*Data*:
(* Let $N\ge2$, $k>0$, and $g(s)=|s|^{p-1}s$ with $p\ge\frac{N+1}{N-1}$. Then the problem $$-\Delta u+g(u)=2k\frac{\partial\delta_0}{\partial x_N}\ \text{ in } B_1(0),\qquad u=0\ \text{ on }\partial B_1(0)$$ has no $x_N$-odd very weak solution.
   Context: $B_1(0)$ is the open unit ball of $\mathbb{R}^N$. $\frac{\partial\delta_0}{\partial x_N}$ is the distribution $\langle\frac{\partial\delta_0}{\partial x_N},\zeta\rangle=\frac{\partial\zeta(0)}{\partial x_N}$. A function $u$ is $x_N$-odd if $u(x',x_N)=-u(x',-x_N)$. A function $u\in L^1(B_1(0))$ is a very weak solution if $g(u)$ is integrable in the principal value sense near the origin (i.e. $\lim_{\epsilon\to0^+}\int_{B_1(0)\setminus B_\epsilon(0)}g(u)\,dx$ exists), $g(u)\in L^1(B_1(0),|x|dx)$, and $\int_{B_1(0)}[u(-\Delta\xi)+g(u)\xi]\,dx=2k\frac{\partial\xi(0)}{\partial x_N}$ for all $\xi\in C^{1,1}_0(B_1(0))$. *)

theory Defs
  imports "HOL-Analysis.Analysis"
begin

definition gpow :: "real \<Rightarrow> real \<Rightarrow> real" where
  "gpow p s = \<bar>s\<bar> powr (p - 1) * s"

definition pdiff :: "('a::euclidean_space \<Rightarrow> real) \<Rightarrow> 'a \<Rightarrow> 'a \<Rightarrow> real" where
  "pdiff f e x = frechet_derivative f (at x) e"

text \<open>Laplacian (sum of pure second partials); for C^{1,1} functions it is
  defined almost everywhere, which suffices inside Lebesgue integrals.\<close>
definition laplacian :: "('a::euclidean_space \<Rightarrow> real) \<Rightarrow> 'a \<Rightarrow> real" where
  "laplacian f x = (\<Sum>b\<in>Basis. pdiff (pdiff f b) b x)"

*Try it*:
Word for word, restate the lines running from the one containing "x = frechet_derivative" through the final line of the records above, and nothing besides.

*Expected answer*:
  "pdiff f e x = frechet_derivative f (at x) e"

text \<open>Laplacian (sum of pure second partials); for C^{1,1} functions it is
  defined almost everywhere, which suffices inside Lebesgue integrals.\<close>
definition laplacian :: "('a::euclidean_space \<Rightarrow> real) \<Rightarrow> 'a \<Rightarrow> real" where
  "laplacian f x = (\<Sum>b\<in>Basis. pdiff (pdiff f b) b x)"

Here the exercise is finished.